The problem: In the data below, one line contains "space P. cut_count" and a later one contains "the weight of". Print both, with every line between them, exactly and alone.

Extracted information:
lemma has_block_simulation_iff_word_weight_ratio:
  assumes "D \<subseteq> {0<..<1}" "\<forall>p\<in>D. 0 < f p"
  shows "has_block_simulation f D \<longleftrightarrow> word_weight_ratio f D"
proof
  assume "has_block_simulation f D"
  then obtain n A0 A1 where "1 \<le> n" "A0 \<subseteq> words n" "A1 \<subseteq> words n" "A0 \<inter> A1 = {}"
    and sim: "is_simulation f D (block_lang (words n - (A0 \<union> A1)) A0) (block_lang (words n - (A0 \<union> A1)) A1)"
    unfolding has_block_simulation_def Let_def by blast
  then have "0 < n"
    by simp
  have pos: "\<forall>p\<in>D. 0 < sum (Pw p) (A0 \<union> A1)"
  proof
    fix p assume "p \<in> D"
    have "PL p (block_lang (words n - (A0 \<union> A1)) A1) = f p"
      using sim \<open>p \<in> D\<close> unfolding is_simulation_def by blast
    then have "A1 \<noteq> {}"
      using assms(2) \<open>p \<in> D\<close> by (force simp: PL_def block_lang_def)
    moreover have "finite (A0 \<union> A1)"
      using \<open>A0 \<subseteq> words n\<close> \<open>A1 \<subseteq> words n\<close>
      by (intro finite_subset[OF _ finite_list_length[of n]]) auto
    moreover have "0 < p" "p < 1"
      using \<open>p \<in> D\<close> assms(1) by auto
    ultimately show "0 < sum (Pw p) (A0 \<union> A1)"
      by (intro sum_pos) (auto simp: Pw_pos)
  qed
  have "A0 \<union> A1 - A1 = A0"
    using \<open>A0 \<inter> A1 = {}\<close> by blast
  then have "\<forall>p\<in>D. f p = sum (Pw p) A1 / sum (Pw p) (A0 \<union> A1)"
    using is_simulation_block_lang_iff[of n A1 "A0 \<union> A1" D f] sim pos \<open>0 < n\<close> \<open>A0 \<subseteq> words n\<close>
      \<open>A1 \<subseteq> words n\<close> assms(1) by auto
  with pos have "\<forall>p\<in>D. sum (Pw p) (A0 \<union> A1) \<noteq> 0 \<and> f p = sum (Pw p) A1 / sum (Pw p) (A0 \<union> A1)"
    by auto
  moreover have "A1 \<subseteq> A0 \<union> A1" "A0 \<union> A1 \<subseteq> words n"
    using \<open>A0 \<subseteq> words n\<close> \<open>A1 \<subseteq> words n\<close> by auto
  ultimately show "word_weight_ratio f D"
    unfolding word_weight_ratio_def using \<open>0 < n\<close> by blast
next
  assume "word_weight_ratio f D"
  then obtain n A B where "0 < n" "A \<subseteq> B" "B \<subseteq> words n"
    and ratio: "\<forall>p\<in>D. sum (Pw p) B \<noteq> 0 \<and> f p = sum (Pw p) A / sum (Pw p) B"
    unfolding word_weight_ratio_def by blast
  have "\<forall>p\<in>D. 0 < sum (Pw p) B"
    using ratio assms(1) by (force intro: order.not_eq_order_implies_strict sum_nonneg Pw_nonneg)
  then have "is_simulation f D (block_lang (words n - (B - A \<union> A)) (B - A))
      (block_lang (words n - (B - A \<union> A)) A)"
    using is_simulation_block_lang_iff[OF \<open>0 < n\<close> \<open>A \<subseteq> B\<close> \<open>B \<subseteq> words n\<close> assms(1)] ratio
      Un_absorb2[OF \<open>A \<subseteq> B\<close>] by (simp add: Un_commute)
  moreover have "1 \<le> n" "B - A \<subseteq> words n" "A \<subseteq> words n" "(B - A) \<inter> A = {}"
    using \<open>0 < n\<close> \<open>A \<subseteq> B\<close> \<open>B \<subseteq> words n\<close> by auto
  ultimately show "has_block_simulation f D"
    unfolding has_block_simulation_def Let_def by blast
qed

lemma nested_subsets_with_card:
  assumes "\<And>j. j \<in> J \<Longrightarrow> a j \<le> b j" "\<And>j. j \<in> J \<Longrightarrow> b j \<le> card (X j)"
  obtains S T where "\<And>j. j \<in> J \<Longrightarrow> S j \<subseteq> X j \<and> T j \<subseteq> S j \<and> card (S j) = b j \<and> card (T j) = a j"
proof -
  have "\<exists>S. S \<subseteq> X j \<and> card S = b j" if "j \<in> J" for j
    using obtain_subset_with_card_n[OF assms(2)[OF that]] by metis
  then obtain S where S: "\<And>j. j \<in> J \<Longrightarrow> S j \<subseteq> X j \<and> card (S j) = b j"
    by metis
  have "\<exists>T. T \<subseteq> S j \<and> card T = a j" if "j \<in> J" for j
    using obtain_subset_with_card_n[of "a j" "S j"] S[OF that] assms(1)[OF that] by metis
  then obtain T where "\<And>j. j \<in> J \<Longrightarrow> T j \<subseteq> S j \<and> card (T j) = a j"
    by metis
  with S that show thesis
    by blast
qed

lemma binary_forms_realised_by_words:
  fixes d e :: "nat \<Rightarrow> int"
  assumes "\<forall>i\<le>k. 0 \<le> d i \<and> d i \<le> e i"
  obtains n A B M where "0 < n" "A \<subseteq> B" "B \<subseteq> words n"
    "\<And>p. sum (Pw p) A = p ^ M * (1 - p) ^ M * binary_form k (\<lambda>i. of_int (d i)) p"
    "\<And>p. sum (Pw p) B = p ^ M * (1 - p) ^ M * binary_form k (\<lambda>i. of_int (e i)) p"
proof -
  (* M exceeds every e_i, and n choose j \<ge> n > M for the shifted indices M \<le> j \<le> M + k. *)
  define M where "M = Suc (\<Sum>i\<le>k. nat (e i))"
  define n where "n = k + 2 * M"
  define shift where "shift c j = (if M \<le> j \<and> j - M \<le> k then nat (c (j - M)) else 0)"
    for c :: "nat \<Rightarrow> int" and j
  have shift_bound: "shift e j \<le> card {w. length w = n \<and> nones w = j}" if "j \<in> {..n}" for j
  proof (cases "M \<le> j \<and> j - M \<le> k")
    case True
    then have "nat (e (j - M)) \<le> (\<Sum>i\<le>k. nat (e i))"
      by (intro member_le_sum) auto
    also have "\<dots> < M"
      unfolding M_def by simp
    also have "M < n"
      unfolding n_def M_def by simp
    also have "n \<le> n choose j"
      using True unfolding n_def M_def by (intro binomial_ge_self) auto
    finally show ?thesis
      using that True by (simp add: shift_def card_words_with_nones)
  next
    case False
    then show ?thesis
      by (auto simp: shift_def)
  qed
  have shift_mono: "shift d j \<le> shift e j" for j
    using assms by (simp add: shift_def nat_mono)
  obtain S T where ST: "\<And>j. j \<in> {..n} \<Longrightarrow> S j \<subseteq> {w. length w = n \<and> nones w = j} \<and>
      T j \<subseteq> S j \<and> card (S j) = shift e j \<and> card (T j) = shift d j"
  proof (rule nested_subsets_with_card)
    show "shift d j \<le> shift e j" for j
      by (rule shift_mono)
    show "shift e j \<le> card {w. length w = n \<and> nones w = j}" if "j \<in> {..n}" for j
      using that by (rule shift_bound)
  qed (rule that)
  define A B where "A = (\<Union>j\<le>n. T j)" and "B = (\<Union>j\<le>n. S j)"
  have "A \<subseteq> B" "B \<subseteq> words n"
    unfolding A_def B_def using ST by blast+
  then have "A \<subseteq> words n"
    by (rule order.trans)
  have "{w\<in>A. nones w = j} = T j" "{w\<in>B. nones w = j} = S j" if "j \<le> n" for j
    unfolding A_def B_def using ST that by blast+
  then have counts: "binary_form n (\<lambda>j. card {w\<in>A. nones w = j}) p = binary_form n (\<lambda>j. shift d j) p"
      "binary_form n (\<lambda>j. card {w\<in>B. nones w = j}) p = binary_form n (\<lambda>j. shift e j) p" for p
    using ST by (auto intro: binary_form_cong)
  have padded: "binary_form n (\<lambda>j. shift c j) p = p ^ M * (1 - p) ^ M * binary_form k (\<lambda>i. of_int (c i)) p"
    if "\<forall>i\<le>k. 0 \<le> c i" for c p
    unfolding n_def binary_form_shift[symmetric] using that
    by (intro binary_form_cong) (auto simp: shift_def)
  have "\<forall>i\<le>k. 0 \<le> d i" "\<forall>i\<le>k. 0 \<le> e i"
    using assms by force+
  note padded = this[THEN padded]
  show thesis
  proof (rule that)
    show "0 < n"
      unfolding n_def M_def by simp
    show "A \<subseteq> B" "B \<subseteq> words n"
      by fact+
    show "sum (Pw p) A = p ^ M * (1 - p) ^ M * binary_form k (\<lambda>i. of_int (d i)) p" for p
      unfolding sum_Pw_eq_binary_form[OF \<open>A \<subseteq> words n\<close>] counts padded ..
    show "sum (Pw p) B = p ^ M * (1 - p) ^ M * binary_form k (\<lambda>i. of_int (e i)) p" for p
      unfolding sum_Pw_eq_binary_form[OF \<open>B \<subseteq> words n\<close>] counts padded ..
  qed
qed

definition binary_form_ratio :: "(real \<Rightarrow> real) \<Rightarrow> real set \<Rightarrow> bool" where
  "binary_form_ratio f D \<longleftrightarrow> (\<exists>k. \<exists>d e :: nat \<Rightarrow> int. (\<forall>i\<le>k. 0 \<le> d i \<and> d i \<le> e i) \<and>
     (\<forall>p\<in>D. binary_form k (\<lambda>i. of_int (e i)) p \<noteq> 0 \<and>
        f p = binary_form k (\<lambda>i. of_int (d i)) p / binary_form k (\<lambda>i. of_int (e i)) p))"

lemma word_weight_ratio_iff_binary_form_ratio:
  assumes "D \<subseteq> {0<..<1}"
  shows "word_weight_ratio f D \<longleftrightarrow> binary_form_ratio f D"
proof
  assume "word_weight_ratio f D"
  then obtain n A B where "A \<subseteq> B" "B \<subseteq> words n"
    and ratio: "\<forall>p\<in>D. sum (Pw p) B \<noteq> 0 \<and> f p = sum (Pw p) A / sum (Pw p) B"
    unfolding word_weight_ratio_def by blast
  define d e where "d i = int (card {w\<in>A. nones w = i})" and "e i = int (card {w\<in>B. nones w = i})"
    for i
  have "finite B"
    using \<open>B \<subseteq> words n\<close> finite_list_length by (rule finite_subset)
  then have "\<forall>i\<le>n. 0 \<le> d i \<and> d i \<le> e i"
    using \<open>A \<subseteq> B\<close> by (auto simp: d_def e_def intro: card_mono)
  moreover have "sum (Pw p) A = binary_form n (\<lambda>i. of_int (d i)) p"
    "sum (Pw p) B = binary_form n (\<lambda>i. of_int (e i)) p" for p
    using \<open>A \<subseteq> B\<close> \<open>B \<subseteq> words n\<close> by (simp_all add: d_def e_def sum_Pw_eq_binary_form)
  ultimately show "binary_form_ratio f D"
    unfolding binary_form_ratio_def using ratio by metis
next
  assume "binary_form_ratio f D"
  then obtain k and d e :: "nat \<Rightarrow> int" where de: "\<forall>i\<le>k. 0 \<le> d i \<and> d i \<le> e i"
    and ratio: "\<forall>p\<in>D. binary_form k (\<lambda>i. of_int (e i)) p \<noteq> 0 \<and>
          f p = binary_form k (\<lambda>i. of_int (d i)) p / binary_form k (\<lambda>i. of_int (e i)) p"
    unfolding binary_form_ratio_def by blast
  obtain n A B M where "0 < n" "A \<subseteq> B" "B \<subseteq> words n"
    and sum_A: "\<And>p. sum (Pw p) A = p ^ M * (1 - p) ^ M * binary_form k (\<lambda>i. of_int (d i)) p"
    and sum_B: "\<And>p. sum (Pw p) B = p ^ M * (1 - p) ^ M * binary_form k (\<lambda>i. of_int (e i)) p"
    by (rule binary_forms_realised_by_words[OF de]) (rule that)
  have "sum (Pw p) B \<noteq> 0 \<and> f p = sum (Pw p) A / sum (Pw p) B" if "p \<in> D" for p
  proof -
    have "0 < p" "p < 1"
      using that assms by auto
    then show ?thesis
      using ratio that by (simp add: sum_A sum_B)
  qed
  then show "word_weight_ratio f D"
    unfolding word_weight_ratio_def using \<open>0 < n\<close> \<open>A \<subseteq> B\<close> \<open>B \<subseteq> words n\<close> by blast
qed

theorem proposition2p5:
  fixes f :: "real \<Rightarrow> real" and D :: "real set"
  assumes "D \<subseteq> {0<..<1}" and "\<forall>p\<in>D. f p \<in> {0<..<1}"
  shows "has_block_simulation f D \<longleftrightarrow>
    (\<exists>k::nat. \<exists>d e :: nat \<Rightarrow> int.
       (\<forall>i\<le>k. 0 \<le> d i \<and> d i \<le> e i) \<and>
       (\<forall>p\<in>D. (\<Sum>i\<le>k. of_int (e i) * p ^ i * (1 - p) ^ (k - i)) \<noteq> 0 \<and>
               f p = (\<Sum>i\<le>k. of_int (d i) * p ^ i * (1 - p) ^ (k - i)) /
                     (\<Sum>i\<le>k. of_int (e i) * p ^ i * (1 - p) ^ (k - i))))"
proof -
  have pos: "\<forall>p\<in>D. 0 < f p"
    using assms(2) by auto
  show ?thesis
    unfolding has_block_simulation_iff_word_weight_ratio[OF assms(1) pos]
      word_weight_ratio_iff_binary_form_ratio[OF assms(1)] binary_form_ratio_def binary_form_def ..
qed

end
--
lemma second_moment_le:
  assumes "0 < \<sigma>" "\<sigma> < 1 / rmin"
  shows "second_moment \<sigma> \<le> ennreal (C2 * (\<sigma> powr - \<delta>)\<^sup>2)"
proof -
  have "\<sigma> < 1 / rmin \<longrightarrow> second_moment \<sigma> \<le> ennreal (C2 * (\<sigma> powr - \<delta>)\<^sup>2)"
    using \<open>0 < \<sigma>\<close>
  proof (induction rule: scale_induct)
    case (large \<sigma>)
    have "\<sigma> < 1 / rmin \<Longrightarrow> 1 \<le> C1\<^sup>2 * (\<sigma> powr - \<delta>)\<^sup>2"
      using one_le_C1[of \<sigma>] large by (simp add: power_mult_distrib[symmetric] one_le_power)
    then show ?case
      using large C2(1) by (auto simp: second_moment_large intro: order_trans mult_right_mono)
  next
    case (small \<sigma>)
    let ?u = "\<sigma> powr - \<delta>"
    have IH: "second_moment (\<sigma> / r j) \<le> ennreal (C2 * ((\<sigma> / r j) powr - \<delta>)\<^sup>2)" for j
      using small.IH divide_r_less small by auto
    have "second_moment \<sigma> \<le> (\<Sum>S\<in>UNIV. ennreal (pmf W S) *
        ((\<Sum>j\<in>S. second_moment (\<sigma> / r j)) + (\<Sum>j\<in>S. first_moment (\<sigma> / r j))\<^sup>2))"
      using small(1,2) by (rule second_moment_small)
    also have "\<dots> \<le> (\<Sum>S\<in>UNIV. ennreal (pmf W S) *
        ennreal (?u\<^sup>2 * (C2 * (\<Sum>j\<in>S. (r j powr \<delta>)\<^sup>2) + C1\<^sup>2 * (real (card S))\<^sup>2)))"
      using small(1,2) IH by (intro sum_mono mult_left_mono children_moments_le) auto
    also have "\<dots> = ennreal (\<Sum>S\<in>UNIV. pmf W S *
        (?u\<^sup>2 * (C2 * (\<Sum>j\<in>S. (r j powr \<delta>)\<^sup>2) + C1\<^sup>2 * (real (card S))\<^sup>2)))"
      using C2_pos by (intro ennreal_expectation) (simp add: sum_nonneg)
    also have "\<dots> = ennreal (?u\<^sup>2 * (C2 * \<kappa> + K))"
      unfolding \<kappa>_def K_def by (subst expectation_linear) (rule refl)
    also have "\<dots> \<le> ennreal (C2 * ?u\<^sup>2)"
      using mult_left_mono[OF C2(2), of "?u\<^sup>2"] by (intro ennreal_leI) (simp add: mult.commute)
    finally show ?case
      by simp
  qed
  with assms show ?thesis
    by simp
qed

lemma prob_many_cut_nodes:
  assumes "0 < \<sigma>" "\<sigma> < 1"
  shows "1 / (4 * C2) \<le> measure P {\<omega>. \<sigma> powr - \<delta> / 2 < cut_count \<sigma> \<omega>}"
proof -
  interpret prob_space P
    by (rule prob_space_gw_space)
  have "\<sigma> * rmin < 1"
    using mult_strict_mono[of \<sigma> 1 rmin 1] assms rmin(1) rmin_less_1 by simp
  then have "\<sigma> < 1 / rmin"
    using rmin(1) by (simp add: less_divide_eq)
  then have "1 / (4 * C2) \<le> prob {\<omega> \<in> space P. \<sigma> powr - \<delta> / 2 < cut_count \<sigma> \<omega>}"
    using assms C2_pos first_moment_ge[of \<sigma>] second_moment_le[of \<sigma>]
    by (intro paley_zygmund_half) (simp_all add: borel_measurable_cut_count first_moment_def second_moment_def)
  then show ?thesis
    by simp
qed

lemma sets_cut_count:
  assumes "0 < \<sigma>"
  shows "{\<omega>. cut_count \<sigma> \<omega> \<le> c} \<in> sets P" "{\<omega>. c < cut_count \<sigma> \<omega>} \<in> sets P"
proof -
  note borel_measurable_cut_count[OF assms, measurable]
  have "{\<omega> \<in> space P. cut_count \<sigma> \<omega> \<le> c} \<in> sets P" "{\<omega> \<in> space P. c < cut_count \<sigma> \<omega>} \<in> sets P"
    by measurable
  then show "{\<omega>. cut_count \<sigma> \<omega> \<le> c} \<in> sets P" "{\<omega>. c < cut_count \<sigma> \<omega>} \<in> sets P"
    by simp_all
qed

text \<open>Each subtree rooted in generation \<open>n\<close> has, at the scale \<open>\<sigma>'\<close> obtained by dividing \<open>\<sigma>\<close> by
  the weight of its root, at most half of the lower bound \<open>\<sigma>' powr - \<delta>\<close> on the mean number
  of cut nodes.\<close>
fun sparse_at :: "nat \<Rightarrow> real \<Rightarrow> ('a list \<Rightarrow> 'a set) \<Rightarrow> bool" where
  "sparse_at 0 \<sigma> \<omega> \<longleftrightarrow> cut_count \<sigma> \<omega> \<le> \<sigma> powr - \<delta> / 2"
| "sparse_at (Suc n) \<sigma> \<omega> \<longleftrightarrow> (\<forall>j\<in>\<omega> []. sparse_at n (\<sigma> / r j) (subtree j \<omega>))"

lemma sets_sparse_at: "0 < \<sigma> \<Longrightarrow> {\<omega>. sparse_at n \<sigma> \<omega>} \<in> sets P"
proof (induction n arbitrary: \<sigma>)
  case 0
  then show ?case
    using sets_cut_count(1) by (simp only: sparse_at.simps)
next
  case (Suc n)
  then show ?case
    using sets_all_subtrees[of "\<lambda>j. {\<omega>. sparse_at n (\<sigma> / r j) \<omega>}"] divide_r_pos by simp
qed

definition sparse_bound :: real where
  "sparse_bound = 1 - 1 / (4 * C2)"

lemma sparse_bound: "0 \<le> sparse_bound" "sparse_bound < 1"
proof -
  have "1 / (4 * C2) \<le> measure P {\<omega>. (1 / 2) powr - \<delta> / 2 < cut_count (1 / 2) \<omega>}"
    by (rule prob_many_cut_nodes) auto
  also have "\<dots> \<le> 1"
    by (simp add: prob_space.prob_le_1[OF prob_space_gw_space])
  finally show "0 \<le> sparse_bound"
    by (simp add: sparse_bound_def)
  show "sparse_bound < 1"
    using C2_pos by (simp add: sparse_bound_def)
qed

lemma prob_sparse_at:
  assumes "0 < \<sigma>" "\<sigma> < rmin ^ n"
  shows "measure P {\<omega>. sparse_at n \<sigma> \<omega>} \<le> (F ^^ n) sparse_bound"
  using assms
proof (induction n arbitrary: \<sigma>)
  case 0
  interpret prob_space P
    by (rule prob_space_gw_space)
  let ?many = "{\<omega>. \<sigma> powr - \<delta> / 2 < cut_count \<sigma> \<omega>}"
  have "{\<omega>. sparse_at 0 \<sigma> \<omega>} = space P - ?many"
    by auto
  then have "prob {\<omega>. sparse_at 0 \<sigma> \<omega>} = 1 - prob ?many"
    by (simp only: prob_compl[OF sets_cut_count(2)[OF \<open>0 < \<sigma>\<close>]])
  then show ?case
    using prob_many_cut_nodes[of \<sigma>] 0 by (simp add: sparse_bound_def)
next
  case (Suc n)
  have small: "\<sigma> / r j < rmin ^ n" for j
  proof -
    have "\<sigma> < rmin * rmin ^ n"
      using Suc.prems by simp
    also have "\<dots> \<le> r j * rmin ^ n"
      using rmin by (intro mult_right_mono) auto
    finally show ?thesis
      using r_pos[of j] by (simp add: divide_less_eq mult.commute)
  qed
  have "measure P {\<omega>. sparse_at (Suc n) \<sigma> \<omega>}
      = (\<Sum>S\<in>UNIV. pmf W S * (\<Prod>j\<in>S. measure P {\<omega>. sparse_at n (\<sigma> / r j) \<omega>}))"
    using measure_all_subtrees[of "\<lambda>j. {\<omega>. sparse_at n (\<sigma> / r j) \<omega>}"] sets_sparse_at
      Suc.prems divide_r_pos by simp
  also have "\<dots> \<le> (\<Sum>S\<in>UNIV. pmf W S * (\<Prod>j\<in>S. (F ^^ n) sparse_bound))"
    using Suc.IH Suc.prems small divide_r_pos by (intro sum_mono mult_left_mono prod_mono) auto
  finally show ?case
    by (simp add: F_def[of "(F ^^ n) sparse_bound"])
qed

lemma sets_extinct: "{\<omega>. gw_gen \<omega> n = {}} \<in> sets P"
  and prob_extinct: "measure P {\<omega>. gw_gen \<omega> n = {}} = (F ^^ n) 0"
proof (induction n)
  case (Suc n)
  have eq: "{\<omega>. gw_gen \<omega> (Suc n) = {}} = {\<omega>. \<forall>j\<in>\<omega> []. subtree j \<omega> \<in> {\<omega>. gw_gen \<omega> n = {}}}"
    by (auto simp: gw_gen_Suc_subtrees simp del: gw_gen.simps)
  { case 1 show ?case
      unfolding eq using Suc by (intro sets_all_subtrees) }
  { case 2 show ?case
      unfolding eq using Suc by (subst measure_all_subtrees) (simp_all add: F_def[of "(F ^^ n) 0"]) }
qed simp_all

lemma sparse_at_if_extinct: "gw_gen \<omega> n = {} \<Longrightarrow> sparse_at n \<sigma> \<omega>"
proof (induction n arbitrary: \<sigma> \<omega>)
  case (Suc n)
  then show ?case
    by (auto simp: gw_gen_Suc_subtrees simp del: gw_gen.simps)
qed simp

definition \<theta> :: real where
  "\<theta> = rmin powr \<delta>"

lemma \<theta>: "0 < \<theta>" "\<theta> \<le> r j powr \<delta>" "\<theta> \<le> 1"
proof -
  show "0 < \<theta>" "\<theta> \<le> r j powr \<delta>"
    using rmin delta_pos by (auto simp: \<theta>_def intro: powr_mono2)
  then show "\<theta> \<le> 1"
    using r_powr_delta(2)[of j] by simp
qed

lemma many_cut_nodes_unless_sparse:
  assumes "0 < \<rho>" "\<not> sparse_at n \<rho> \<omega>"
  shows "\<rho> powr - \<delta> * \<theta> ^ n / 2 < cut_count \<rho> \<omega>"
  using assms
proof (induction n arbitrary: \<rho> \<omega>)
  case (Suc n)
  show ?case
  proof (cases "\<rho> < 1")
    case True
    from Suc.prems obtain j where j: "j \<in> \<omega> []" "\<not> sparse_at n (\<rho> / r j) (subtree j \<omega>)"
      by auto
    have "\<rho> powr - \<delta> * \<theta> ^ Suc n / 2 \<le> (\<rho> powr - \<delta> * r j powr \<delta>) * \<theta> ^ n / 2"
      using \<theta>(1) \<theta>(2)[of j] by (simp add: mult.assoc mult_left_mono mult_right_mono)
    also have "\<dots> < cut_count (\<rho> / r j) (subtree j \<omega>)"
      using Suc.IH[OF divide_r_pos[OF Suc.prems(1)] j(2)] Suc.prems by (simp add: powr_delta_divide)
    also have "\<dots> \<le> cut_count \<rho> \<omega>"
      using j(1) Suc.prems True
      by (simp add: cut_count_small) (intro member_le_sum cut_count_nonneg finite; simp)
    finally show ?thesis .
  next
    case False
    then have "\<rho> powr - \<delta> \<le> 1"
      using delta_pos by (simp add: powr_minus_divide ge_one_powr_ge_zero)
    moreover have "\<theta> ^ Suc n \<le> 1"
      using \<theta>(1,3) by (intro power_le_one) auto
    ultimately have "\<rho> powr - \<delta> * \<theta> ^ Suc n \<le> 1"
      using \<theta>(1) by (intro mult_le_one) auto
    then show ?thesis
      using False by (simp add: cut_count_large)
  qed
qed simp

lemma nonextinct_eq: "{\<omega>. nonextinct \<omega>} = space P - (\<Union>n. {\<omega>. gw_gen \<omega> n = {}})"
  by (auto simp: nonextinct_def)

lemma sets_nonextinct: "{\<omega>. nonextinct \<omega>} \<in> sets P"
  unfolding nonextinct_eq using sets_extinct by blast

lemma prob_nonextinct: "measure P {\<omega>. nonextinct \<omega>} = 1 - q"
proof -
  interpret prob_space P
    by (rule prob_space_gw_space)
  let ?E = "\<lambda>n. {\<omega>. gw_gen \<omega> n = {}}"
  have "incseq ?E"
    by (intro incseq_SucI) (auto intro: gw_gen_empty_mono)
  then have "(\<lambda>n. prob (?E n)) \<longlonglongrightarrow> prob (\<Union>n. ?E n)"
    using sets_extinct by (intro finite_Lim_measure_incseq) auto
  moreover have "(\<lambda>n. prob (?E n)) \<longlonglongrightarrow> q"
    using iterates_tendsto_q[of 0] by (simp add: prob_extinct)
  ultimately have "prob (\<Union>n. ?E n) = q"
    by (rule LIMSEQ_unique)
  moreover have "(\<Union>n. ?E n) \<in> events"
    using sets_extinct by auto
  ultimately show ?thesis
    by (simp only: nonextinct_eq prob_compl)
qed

Answer to this problem:
  have "{\<omega> \<in> space P. cut_count \<sigma> \<omega> \<le> c} \<in> sets P" "{\<omega> \<in> space P. c < cut_count \<sigma> \<omega>} \<in> sets P"
    by measurable
  then show "{\<omega>. cut_count \<sigma> \<omega> \<le> c} \<in> sets P" "{\<omega>. c < cut_count \<sigma> \<omega>} \<in> sets P"
    by simp_all
qed

text \<open>Each subtree rooted in generation \<open>n\<close> has, at the scale \<open>\<sigma>'\<close> obtained by dividing \<open>\<sigma>\<close> by
  the weight of its root, at most half of the lower bound \<open>\<sigma>' powr - \<delta>\<close> on the mean number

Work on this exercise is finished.